Human cytomegalovirus : development of resistance to antiviral drugs and mechanisms of NK-cell evasion

Abstract

Human cytomegalovirus (HCMV), a member of the herpesviridae, is ubiquitous and causes persistent infections mostly without any clinical symptoms. However, HCMV infection is a major cause of morbidity and mortality among immunocompromised patients, especially transplant recipients and patients with AIDS. Antiviral agents currently licensed for the treatment of HCMV infections include ganciclovir, foscarnet, and cidofovir. Clinical management of HCMV infections in severely immunocompromised patients often requires prolonged antiviral treatment, which is associated with the risk of development of resistanct virus. HCMV isolates resistant to antiviral agents have been selected in the laboratory and have also been recovered from immunocompromised patients treated with antiviral drugs. Studies performed in the last 5 years have contributed significantly to the current understanding of the mechanisms of resistance of HCMV to antiviral drugs.

We could identify isolates from AIDS patients, that had alterations within the viral phosphotransferase (pUL97) and/or DNA polymerase (pUL54) and which conferred drug resistance. However, we found no evidence that short term antiviral treatment of HCMV disease in renal transplant recipients induced resistance. By in vitro mutagenesis and induction of HCMV mutants in cell culture, it was determined that mutations in UL54 and UL97 genes induced reduced susceptibility to PFA and/or GCV. The mutated Towne strains had the same growth phenotype as the original HCMW Towne. Clinical HCMV isolates were shown to replicate either rapidly or slowly. Slow or fast replication was neither related to major immediate early gene exon 4, gB genotypes, nor to antiviral susceptibility.

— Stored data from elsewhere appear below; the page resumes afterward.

lemma card_labelled_le:
  fixes f :: "nat \<Rightarrow> nat \<Rightarrow> nat \<Rightarrow> nat \<Rightarrow> 'b"
  defines "L \<equiv> {f a b c d |a b c d. labelling a b c d}"
  shows "finite L" and "card L \<le> 24"
proof -
  let ?g = "\<lambda>\<tau>. f (\<tau> 1) (\<tau> 2) (\<tau> 3) (\<tau> 4)"
  have sub: "L \<subseteq> ?g ` perms4"
  proof
    fix t assume "t \<in> L"
    then obtain a b c d where l: "labelling a b c d" and t: "t = f a b c d"
      unfolding L_def by blast
    obtain \<tau> where "\<tau> \<in> perms4" "word4 \<tau> = [a,b,c,d]" using labelling_word4[OF l] .
    then show "t \<in> ?g ` perms4" using t by (force simp: word4_def)
  qed
  show "finite L" using finite_subset[OF sub] finite_perms4 by blast
  have "card L \<le> card (?g ` perms4)" using card_mono[OF _ sub] finite_perms4 by blast
  also have "\<dots> \<le> 24" using card_image_le[OF finite_perms4, of ?g] card_perms4 by simp
  finally show "card L \<le> 24" .
qed

lemma relabel_comp: "relabel f (relabel g t) = relabel (f \<circ> g) t"
  by (induction t) auto

lemma relabel_id: "relabel id t = t"
  by (induction t) auto

lemma leaves_relabel: "leaves (relabel f t) = map f (leaves t)"
  by (induction t) auto

lemma relabel_in_basis4:
  assumes p: "\<sigma> permutes {1..4}" and t: "t \<in> basis4"
  shows "relabel \<sigma> t \<in> basis4"
  using t permutes_image[OF p] inj_on_subset[OF permutes_inj[OF p]]
  unfolding basis4_def by (simp add: leaves_relabel distinct_map)

lemma bij_betw_relabel: assumes p: "\<sigma> permutes {1..4}" shows "bij_betw (relabel \<sigma>) basis4 basis4"
proof (rule bij_betw_byWitness[where f'="relabel (inv \<sigma>)"])
  show "\<forall>a\<in>basis4. relabel (inv \<sigma>) (relabel \<sigma> a) = a"
    and "\<forall>a\<in>basis4. relabel \<sigma> (relabel (inv \<sigma>) a) = a"
    by (simp_all add: relabel_comp permutes_inv_o[OF p] relabel_id)
  show "relabel \<sigma> ` basis4 \<subseteq> basis4" using relabel_in_basis4[OF p] by blast
  show "relabel (inv \<sigma>) ` basis4 \<subseteq> basis4" using relabel_in_basis4[OF permutes_inv[OF p]] by blast
qed

definition perm_indicator :: "(nat \<Rightarrow> nat) \<Rightarrow> (nat \<Rightarrow> nat) \<Rightarrow> 'a::field" where
  "perm_indicator \<tau> = (\<lambda>\<rho>. if \<rho> = \<tau> then 1 else 0)"

lemma inj_perm_indicator: "inj (perm_indicator :: _ \<Rightarrow> _ \<Rightarrow> 'a::field)"
  by (rule injI) (metis perm_indicator_def one_neq_zero)

lemma card_perm_indicators: "card ((perm_indicator :: _ \<Rightarrow> _ \<Rightarrow> 'a::field) ` perms4) = 24"
  using card_image[OF inj_on_subset[OF inj_perm_indicator]] card_perms4 by (metis subset_UNIV)

lemma FS4_subset_span_perm_indicators: "FS4 \<subseteq> FV.span ((perm_indicator :: _ \<Rightarrow> _ \<Rightarrow> 'a::field) ` perms4)"
proof
  fix f :: "(nat \<Rightarrow> nat) \<Rightarrow> 'a" assume f: "f \<in> FS4"
  have "f = (\<Sum>\<tau>\<in>perms4. fscale (f \<tau>) (perm_indicator \<tau>))"
  proof
    fix \<rho>
    have "(\<Sum>\<tau>\<in>perms4. fscale (f \<tau>) (perm_indicator \<tau>)) \<rho> = (\<Sum>\<tau>\<in>perms4. if \<rho> = \<tau> then f \<rho> else 0)"
      by (simp add: sum_fun_apply finite_perms4 perm_indicator_def if_distrib cong: if_cong)
    also have "\<dots> = f \<rho>"
      using f finite_perms4 unfolding FS4_def perms4_def by (cases "\<rho> permutes {1..4}") auto
    finally show "f \<rho> = (\<Sum>\<tau>\<in>perms4. fscale (f \<tau>) (perm_indicator \<tau>)) \<rho>" by simp
  qed
  also have "\<dots> \<in> FV.span (perm_indicator ` perms4)"
    by (intro FV.span_sum FV.span_scale FV.span_base) auto
  finally show "f \<in> FV.span (perm_indicator ` perms4)" .
qed

lemma independent_perm_indicators: "FV.independent ((perm_indicator :: _ \<Rightarrow> _ \<Rightarrow> 'a::field) ` perms4)"
proof -
  have fin: "finite ((perm_indicator :: _ \<Rightarrow> _ \<Rightarrow> 'a) ` perms4)" using finite_perms4 by simp
  show ?thesis unfolding FV.dependent_finite[OF fin]
  proof
    assume "\<exists>c. (\<exists>v\<in>(perm_indicator :: _ \<Rightarrow> _ \<Rightarrow> 'a) ` perms4. c v \<noteq> 0)
      \<and> (\<Sum>v\<in>perm_indicator ` perms4. fscale (c v) v) = 0"
    then obtain c \<tau> where \<tau>: "\<tau> \<in> perms4" and c: "c (perm_indicator \<tau> :: _ \<Rightarrow> 'a) \<noteq> 0"
      and s: "(\<Sum>v\<in>perm_indicator ` perms4. fscale (c v) v) = (0 :: _ \<Rightarrow> 'a)" by blast
    have "0 = (\<Sum>v\<in>perm_indicator ` perms4. fscale (c v) v) \<tau>" using s by simp
    also have "\<dots> = (\<Sum>\<rho>\<in>perms4. c (perm_indicator \<rho>) * perm_indicator \<rho> \<tau>)"
      by (simp add: sum_fun_apply finite_perms4 sum.reindex inj_on_subset[OF inj_perm_indicator])
    also have "\<dots> = (\<Sum>\<rho>\<in>perms4. if \<rho> = \<tau> then c (perm_indicator \<tau>) else 0)"
      by (intro sum.cong) (auto simp: perm_indicator_def)
    also have "\<dots> = c (perm_indicator \<tau>)" using \<tau> finite_perms4 by simp
    finally show False using c by simp
  qed
qed

section \<open>Dimension obstructions to regularity\<close>

lemma perm_indicators_subset_FS4: "(perm_indicator :: _ \<Rightarrow> _ \<Rightarrow> 'a::field) ` perms4 \<subseteq> FS4"
  unfolding FS4_def perms4_def perm_indicator_def by (auto split: if_splits)

lemma card_ge_24_if_spans_FS4:
  fixes W :: "((nat \<Rightarrow> nat) \<Rightarrow> 'a::field) set"
  assumes "finite W" "FS4 \<subseteq> FV.span W"
  shows "24 \<le> card W"
  using FV.independent_span_bound[OF assms(1) independent_perm_indicators]
    perm_indicators_subset_FS4 assms(2) card_perm_indicators[where 'a='a] by fastforce

lemma card_le_24_if_independent_in_FS4:
  fixes B :: "((nat \<Rightarrow> nat) \<Rightarrow> 'a::field) set"
  assumes "FV.independent B" "B \<subseteq> FS4"
  shows "card B \<le> 24"
  using FV.independent_span_bound[OF finite_imageI[OF finite_perms4] assms(1)]
    FS4_subset_span_perm_indicators assms(2) card_perm_indicators[where 'a='a] by fastforce

locale regular_map =
  fixes \<phi> :: "(tree \<Rightarrow> 'a::field) \<Rightarrow> (nat \<Rightarrow> nat) \<Rightarrow> 'a" and J :: "(tree \<Rightarrow> 'a) set"
  assumes add: "\<And>u v. u \<in> T4 \<Longrightarrow> v \<in> T4 \<Longrightarrow> \<phi> (u + v) = \<phi> u + \<phi> v"
    and scale: "\<And>u c. u \<in> T4 \<Longrightarrow> \<phi> (fscale c u) = fscale c (\<phi> u)"
    and image: "\<phi> ` T4 = FS4"
    and kernel: "{v\<in>T4. \<phi> v = 0} = J"
begin

lemma map_zero: "\<phi> 0 = 0"
  using scale[of 0 0] FV.subspace_0[OF T4_subspace] by (simp add: fscale_def zero_fun_def)

lemma map_diff: assumes "u \<in> T4" "v \<in> T4" shows "\<phi> (u - v) = \<phi> u - \<phi> v"
proof -
  have e: "u - v = u + fscale (-1) v" by (simp add: fun_eq_iff)
  have "\<phi> (u - v) = \<phi> u + \<phi> (fscale (-1) v)"
    unfolding e by (rule add[OF assms(1) FV.subspace_scale[OF T4_subspace assms(2)]])
  also have "\<dots> = \<phi> u + fscale (-1) (\<phi> v)" by (simp only: scale[OF assms(2)])
  also have "\<dots> = \<phi> u - \<phi> v" by (simp add: fun_eq_iff)
  finally show ?thesis .
qed

lemma map_sum: "finite A \<Longrightarrow> (\<And>i. i \<in> A \<Longrightarrow> f i \<in> T4) \<Longrightarrow> \<phi> (\<Sum>i\<in>A. f i) = (\<Sum>i\<in>A. \<phi> (f i))"
proof (induction A rule: finite_induct)
  case empty then show ?case by (simp only: sum.empty map_zero)
next
  case (insert x F)
  have "sum f F \<in> T4" using insert(4) by (intro FV.subspace_sum[OF T4_subspace]) auto
  then show ?case unfolding sum.insert[OF insert(1,2)]
    by (simp only: add[OF insert(4)[OF insertI1] \<open>sum f F \<in> T4\<close>] insert.IH[OF insert(4)[OF insertI2]])
qed

lemma linear_combination:
  assumes "finite A" "\<And>i. i \<in> A \<Longrightarrow> f i \<in> T4"
  shows "\<phi> (\<Sum>i\<in>A. fscale (c i) (f i)) = (\<Sum>i\<in>A. fscale (c i) (\<phi> (f i)))"
proof -
  have "\<phi> (\<Sum>i\<in>A. fscale (c i) (f i)) = (\<Sum>i\<in>A. \<phi> (fscale (c i) (f i)))"
    using assms by (intro map_sum) (auto intro: FV.subspace_scale[OF T4_subspace])
  also have "\<dots> = (\<Sum>i\<in>A. fscale (c i) (\<phi> (f i)))" using assms scale by simp
  finally show ?thesis .
qed

lemma FS4_subset_span_image:
  assumes W: "W \<subseteq> T4" and spanning: "\<And>t. t \<in> basis4 \<Longrightarrow> \<exists>w\<in>FV.span W. unitv t - w \<in> J"
  shows "FS4 \<subseteq> FV.span (\<phi> ` W)"
proof
  let ?S = "FV.span (\<phi> ` W)"
  have "FV.subspace {w. w \<in> T4 \<and> \<phi> w \<in> ?S}"
    unfolding FV.subspace_def
    using map_zero add scale FV.span_zero FV.span_add FV.span_scale FV.subspace_0[OF T4_subspace]
      FV.subspace_add[OF T4_subspace] FV.subspace_scale[OF T4_subspace] by auto
  then have span_W: "w \<in> T4 \<and> \<phi> w \<in> ?S" if "w \<in> FV.span W" for w
    using FV.span_induct[OF that] W by (auto intro: FV.span_base)
  have unitv_S: "\<phi> (unitv t) \<in> ?S" if t: "t \<in> basis4" for t
  proof -
    obtain w where w: "w \<in> FV.span W" "unitv t - w \<in> J" using spanning[OF t] by blast
    then have "\<phi> (unitv t - w) = 0" using kernel by blast
    then show ?thesis using map_diff[OF unitv_in_T4[OF t]] span_W[OF w(1)] by simp
  qed
  fix f :: "(nat \<Rightarrow> nat) \<Rightarrow> 'a" assume "f \<in> FS4"
  then obtain v where v: "v \<in> T4" "f = \<phi> v" using image by blast
  have "\<phi> v = (\<Sum>t\<in>basis4. fscale (v t) (\<phi> (unitv t)))"
    by (subst T4_eq_sum_unitv[OF v(1)]) (rule linear_combination[OF finite_basis4 unitv_in_T4])
  also have "\<dots> \<in> ?S" using unitv_S by (intro FV.span_sum FV.span_scale) auto
  finally show "f \<in> ?S" using v by simp
qed

lemma card_ge_24_if_spanning:
  assumes "finite W" "W \<subseteq> T4" "\<And>t. t \<in> basis4 \<Longrightarrow> \<exists>w\<in>FV.span W. unitv t - w \<in> J"
  shows "24 \<le> card W"
  using card_ge_24_if_spans_FS4[OF finite_imageI FS4_subset_span_image] card_image_le assms
  by (meson le_trans)

context
  fixes I :: "'i set" and w :: "'i \<Rightarrow> tree \<Rightarrow> 'a" and k :: "'i \<Rightarrow> tree \<Rightarrow> 'a"
  assumes fin: "finite I" and w: "\<And>i. i \<in> I \<Longrightarrow> w i \<in> T4"
    and k_J: "\<And>i v. i \<in> I \<Longrightarrow> v \<in> J \<Longrightarrow> pairing (k i) v = 0"
    and k_w: "\<And>i j. i \<in> I \<Longrightarrow> j \<in> I \<Longrightarrow> pairing (k i) (w j) = (if i = j then 1 else 0)"
begin

lemma inj_on_separated: "inj_on (\<lambda>i. \<phi> (w i)) I"
proof (rule inj_onI)
  fix i j assume ij: "i \<in> I" "j \<in> I" "\<phi> (w i) = \<phi> (w j)"
  have "w i - w j \<in> J"
    using kernel FV.subspace_diff[OF T4_subspace w w] map_diff[OF w w] ij by fastforce
  then have "pairing (k i) (w i - w j) = 0" using k_J ij by blast
  then show "i = j" using k_w[OF ij(1) ij(1)] k_w[OF ij(1) ij(2)] by (auto split: if_splits)
qed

The NK cells are of importance for the innate immune response to viral infections and may play a key role in the control of HCMV infections. In humans, low NK cell cytotoxicity is associated with increased sensitivity to herpesviruses infections, including CMV. The mechanism by which NK cells may recognize and eliminate virus-infected cells is still unclear. HCMV has evolved strategies to protect infected cells from lysis caused by NK cells, a feature that may have a role in the pathogenesis of HCMV disease. We found that the clinical isolates confer a strong NK resistance, whereas only marginal or variable effects in recognition were found when laboratory strains were used. The NK cell inhibition did not correlate with HLA class I expression and was independent of the leukocyte Ig-like receptor- I (LIR-1). The upregulation of HLA-E mediated by CMV pUL40 and IFN-gamma is one possible mechanism to avoid NK cell recognition of HCMV infected cells.